[Opening Recorded information section]

lemma diag_form_decomposition:
  assumes conv: "convex_polygon d v" and d4: "d \<ge> 4" and closed: "closed_weights d v t"
  shows "diag_form d v t = (\<Sum>k\<in>{1..d-3}. fscale (t k - t 0) (diag_form d v (basis_weight d v k)))"
proof -
  define s where "s = (\<lambda>m. \<Sum>k\<in>{1..d-3}. (t k - t 0) * basis_weight d v k m)"
  define r where "r m = (t m - t 0) - s m" for m
  have "edge_sum d v s {..<d} = 0"
    using closed_basis_weight[OF conv d4] unfolding s_def edge_sum_lincomb
    by (intro sum.neutral) (auto simp: closed_weights_def)
  moreover have "edge_sum d v r {..<d}
      = edge_sum d v t {..<d} - edge_sum d v (\<lambda>_. t 0) {..<d} - edge_sum d v s {..<d}"
    unfolding r_def edge_sum_diff[of d v "\<lambda>m. t m - t 0" s] edge_sum_diff[of d v t "\<lambda>_. t 0"] ..
  ultimately have "closed_weights d v r"
    using closed closed_weights_const[of d v "t 0"] d4 by (simp add: closed_weights_def)
  moreover have "r m = 0" if "m < d - 2" for m
    using that by (cases "m = 0") (auto simp: r_def s_def sum_basis_weight_low)
  ultimately have "r m = 0" if "m < d" for m
    using closed_weights_eq_0[OF conv d4] that by blast
  then have "diag_form d v (\<lambda>m. t m - t 0) = diag_form d v s"
    by (intro diag_form_cong) (simp add: r_def)
  then show ?thesis
    by (simp add: diag_form_shift s_def diag_form_lincomb)
qed

lemma diag_form_basis_lincomb_eq_0:
  assumes conv: "convex_polygon d v" and d4: "d \<ge> 4" and K: "K \<subseteq> {1..d-3}"
    and zero: "(\<Sum>k\<in>K. fscale (c k) (diag_form d v (basis_weight d v k))) = 0"
    and k: "k \<in> K"
  shows "c k = 0"
proof -
  define s where "s = (\<lambda>m. \<Sum>k\<in>K. c k * basis_weight d v k m)"
  have fin: "finite K" using K finite_subset by blast
  have low: "s m = (if m \<in> K then c m else 0)" if "m < d - 2" for m
    using that fin by (simp add: s_def sum_basis_weight_low)
  have "diag_form d v s = 0" using zero by (simp add: s_def diag_form_lincomb)
  moreover have "1 \<le> k \<and> k \<le> d - 3" using subsetD[OF K k] by simp
  then have k_bounds: "0 < k" "k < d - 2" using d4 by arith+
  ultimately have "s k = s 0" by (intro diag_form_zero_imp_const[OF conv d4]) simp_all
  moreover have "0 \<notin> K" using K by auto
  ultimately show ?thesis using low[of k] low[of 0] k k_bounds by simp
qed

lemma inj_on_diag_form_basis_weight:
  assumes conv: "convex_polygon d v" and d4: "d \<ge> 4"
  shows "inj_on (\<lambda>k. diag_form d v (basis_weight d v k)) {1..d-3}"
proof (rule inj_onI, rule ccontr)
  fix k m assume k: "k \<in> {1..d-3}" and m: "m \<in> {1..d-3}" and "k \<noteq> m"
    and "diag_form d v (basis_weight d v k) = diag_form d v (basis_weight d v m)"
  then have "(\<Sum>j\<in>{k, m}. fscale (if j = k then 1 else - 1) (diag_form d v (basis_weight d v j))) = 0"
    by (simp add: fscale_def fun_eq_iff)
  from diag_form_basis_lincomb_eq_0[OF conv d4 _ this, where k = k] k m
  have "(if k = k then 1 else - 1) = (0::'a)" by auto
  then show False by simp
qed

[Closing Recorded information section]

What the task asks:
Please copy exactly, and only, the lines from the line containing "add: s_def diag_form_lincomb)" through the last line of the records, with both ends included.

Solution:
  have "diag_form d v s = 0" using zero by (simp add: s_def diag_form_lincomb)
  moreover have "1 \<le> k \<and> k \<le> d - 3" using subsetD[OF K k] by simp
  then have k_bounds: "0 < k" "k < d - 2" using d4 by arith+
  ultimately have "s k = s 0" by (intro diag_form_zero_imp_const[OF conv d4]) simp_all
  moreover have "0 \<notin> K" using K by auto
  ultimately show ?thesis using low[of k] low[of 0] k k_bounds by simp
qed

lemma inj_on_diag_form_basis_weight:
  assumes conv: "convex_polygon d v" and d4: "d \<ge> 4"
  shows "inj_on (\<lambda>k. diag_form d v (basis_weight d v k)) {1..d-3}"
proof (rule inj_onI, rule ccontr)
  fix k m assume k: "k \<in> {1..d-3}" and m: "m \<in> {1..d-3}" and "k \<noteq> m"
    and "diag_form d v (basis_weight d v k) = diag_form d v (basis_weight d v m)"
  then have "(\<Sum>j\<in>{k, m}. fscale (if j = k then 1 else - 1) (diag_form d v (basis_weight d v j))) = 0"
    by (simp add: fscale_def fun_eq_iff)
  from diag_form_basis_lincomb_eq_0[OF conv d4 _ this, where k = k] k m
  have "(if k = k then 1 else - 1) = (0::'a)" by auto
  then show False by simp
qed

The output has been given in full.